━━━━━ SOURCE MATERIAL
lemma G_colour_proper:
  assumes "2 \<le> m"
  shows "proper_edge_colouring (G_E m) 4 (G_colour m)"
proof (rule proper_edge_colouringI)
  show "G_colour m e < 4" for e
    using local_colours_le[of "snd ` e"] by (simp add: G_colour_def)
  show "\<exists>u v. e = {u, v} \<and> u \<in> G_V m \<and> v \<in> G_V m" if "e \<in> G_E m" for e
    using that by (rule G_E_endpoints)
  show "inj_on (\<lambda>u. G_colour m {u, v}) (neighbours (G_E m) v)" if "v \<in> G_V m" for v
    using assms that by (rule G_colour_inj_on_neighbours)
qed

lemma class2_G:
  assumes "2 \<le> m"
  shows "class2 (G_V m) (G_E m)"
proof -
  have "chromatic_index (G_E m) = 4"
    using G_colour_proper[OF assms] G_edge_colouring_needs_4[OF assms] by (rule chromatic_index_eqI)
  moreover have "max_degree (G_V m) (G_E m) = 3"
  proof (rule max_degree_cubic)
    show "cubic (G_V m) (G_E m)"
      using assms by (rule cubic_G)
    have "(1, 1) \<in> G_V m"
      using assms by (simp add: G_V_def)
    then show "G_V m \<noteq> {}"
      by blast
  qed
  ultimately show ?thesis
    by (simp add: class2_def)
qed

section \<open>The 2-conversion number\<close>

definition seed :: "nat \<Rightarrow> (nat \<times> nat) set" where
  "seed m = (\<Union>i\<in>{1..m}. {(i, 2), (i, if i = 1 \<or> i = m then 5 else 6)})"

lemma seed_subset: "seed m \<subseteq> G_V m"
  by (auto simp: seed_def G_V_def)

lemma seed_mem:
  assumes "1 \<le> i" and "i \<le> m"
  shows "(i, 2) \<in> seed m" and "(i, if i = 1 \<or> i = m then 5 else 6) \<in> seed m"
  using assms unfolding seed_def by (intro UN_I[of i]; simp)+

lemma card_seed: "card (seed m) = 2 * m"
proof -
  have "card (seed m) = (\<Sum>i\<in>{1..m}. card {(i, 2::nat), (i, if i = 1 \<or> i = m then 5 else 6)})"
    unfolding seed_def by (rule card_UN_disjoint) auto
  also have "\<dots> = 2 * m"
    by simp
  finally show ?thesis .
qed

lemma seed_two_neighbours:
  assumes "2 \<le> m" and "v \<in> G_V m" and "v \<notin> seed m"
    and "\<And>i. 1 < i \<Longrightarrow> i < m \<Longrightarrow> v \<noteq> (i, 4)"
  obtains a b where "a \<in> seed m" "b \<in> seed m" "a \<noteq> b"
    "a \<in> neighbours (G_E m) v" "b \<in> neighbours (G_E m) v"
  using assms(2)
proof (cases rule: G_V_cases)
  case first_port
  then show thesis
    using that[of "(1, 2)" "(1, 5)"] seed_mem[of 1 m] neighbours_leaf_ports(1)[OF assms(1)] assms(1)
    by simp
next
  case last_port
  then show thesis
    using that[of "(m, 2)" "(m, 5)"] seed_mem[of m m] neighbours_leaf_ports(2)[OF assms(1)] assms(1)
    by simp
next
  case (leaf i j)
  have seed: "(i, 2) \<in> seed m" "(i, 5) \<in> seed m"
    using seed_mem[of i m] leaf(2) assms(1) by auto
  then have "j \<noteq> 2" "j \<noteq> 5"
    using assms(3) leaf(1) by blast+
  with leaf(3) have "j = 3 \<or> j = 4"
    by simp
  then have "(i, 2) \<in> neighbours (G_E m) v \<and> (i, 5) \<in> neighbours (G_E m) v"
    by (elim disjE) (simp_all add: leaf(1) neighbours_leaf_copy[OF assms(1) leaf(2)])
  then show thesis
    using that[OF seed] by simp
next
  case (inner i j)
  have seed: "(i, 2) \<in> seed m" "(i, 6) \<in> seed m"
    using seed_mem[of i m] inner(2,3) by auto
  then have "j \<noteq> 2" "j \<noteq> 6" "j \<noteq> 4"
    using assms(3,4) inner(1-3) by blast+
  with inner(4) have "j = 1 \<or> j = 3 \<or> j = 5"
    by simp
  then have "(i, 2) \<in> neighbours (G_E m) v \<and> (i, 6) \<in> neighbours (G_E m) v"
    by (elim disjE) (simp_all del: One_nat_def add: inner(1) neighbours_inner_copy[OF inner(2,3)])
  then show thesis
    using that[OF seed] by simp
qed

lemma seed_first_step:
  assumes "2 \<le> m" and "v \<in> G_V m" and "\<And>i. 1 < i \<Longrightarrow> i < m \<Longrightarrow> v \<noteq> (i, 4)"
  shows "v \<in> conv_step (G_V m) (G_E m) (seed m)"
proof (cases "v \<in> seed m")
  case True
  then show ?thesis
    by (rule subsetD[OF conv_step_increasing])
next
  case False
  obtain a b where ab: "a \<in> seed m" "b \<in> seed m" "a \<noteq> b"
    "a \<in> neighbours (G_E m) v" "b \<in> neighbours (G_E m) v"
    using seed_two_neighbours[OF assms(1,2) False assms(3)] by blast
  have "finite (seed m)"
    using finite_subset[OF seed_subset finite_G_V] .
  from conv_stepI[OF this assms(2) ab] show ?thesis .
qed

lemma leaf_copy_min_deg2_avoiding:
  assumes "2 \<le> m" and "i = 1 \<or> i = m"
  obtains T where "T \<subseteq> {(i, 1), (i, 2), (i, 3), (i, 4), (i, 5)}" "T \<noteq> {}" "(i, x) \<notin> T"
    "induces_min_deg2 (G_E m) T"
proof -
  note e = leaf_copy_edge[OF assms]
  consider "x = 2" | "x = 3" | "x = 4" | "x \<notin> {2, 3, 4}"
    by blast
  then show thesis
  proof cases
    case 1
    have T: "induces_min_deg2 (G_E m) {(i, 3), (i, 4), (i, 5)}"
      by (rule induces_min_deg2_triangle) (simp_all add: e H1_edges_def)
    show thesis
      by (rule that[OF _ _ _ T]) (use 1 in auto)
  next
    case 2
    have T: "induces_min_deg2 (G_E m) {(i, 1), (i, 2), (i, 4), (i, 5)}"
      by (rule induces_min_deg2_quadrilateral) (simp_all add: e H1_edges_def)
    show thesis
      by (rule that[OF _ _ _ T]) (use 2 in auto)
  next
    case 3
    have T: "induces_min_deg2 (G_E m) {(i, 1), (i, 2), (i, 3), (i, 5)}"
      by (rule induces_min_deg2_quadrilateral) (simp_all add: e H1_edges_def)
    show thesis
      by (rule that[OF _ _ _ T]) (use 3 in auto)
  next
    case 4
    have T: "induces_min_deg2 (G_E m) {(i, 2), (i, 3), (i, 4)}"
      by (rule induces_min_deg2_triangle) (simp_all add: e H1_edges_def)
    show thesis
      by (rule that[OF _ _ _ T]) (use 4 in auto)
  qed
qed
━━━━━━━━━━
Every line of the records that includes the word "assumes" should be gathered.

* [YOUR SOLUTION]:
  assumes "2 \<le> m"
  assumes "2 \<le> m"
  assumes "1 \<le> i" and "i \<le> m"
  assumes "2 \<le> m" and "v \<in> G_V m" and "v \<notin> seed m"
  assumes "2 \<le> m" and "v \<in> G_V m" and "\<And>i. 1 < i \<Longrightarrow> i < m \<Longrightarrow> v \<noteq> (i, 4)"
  assumes "2 \<le> m" and "i = 1 \<or> i = m"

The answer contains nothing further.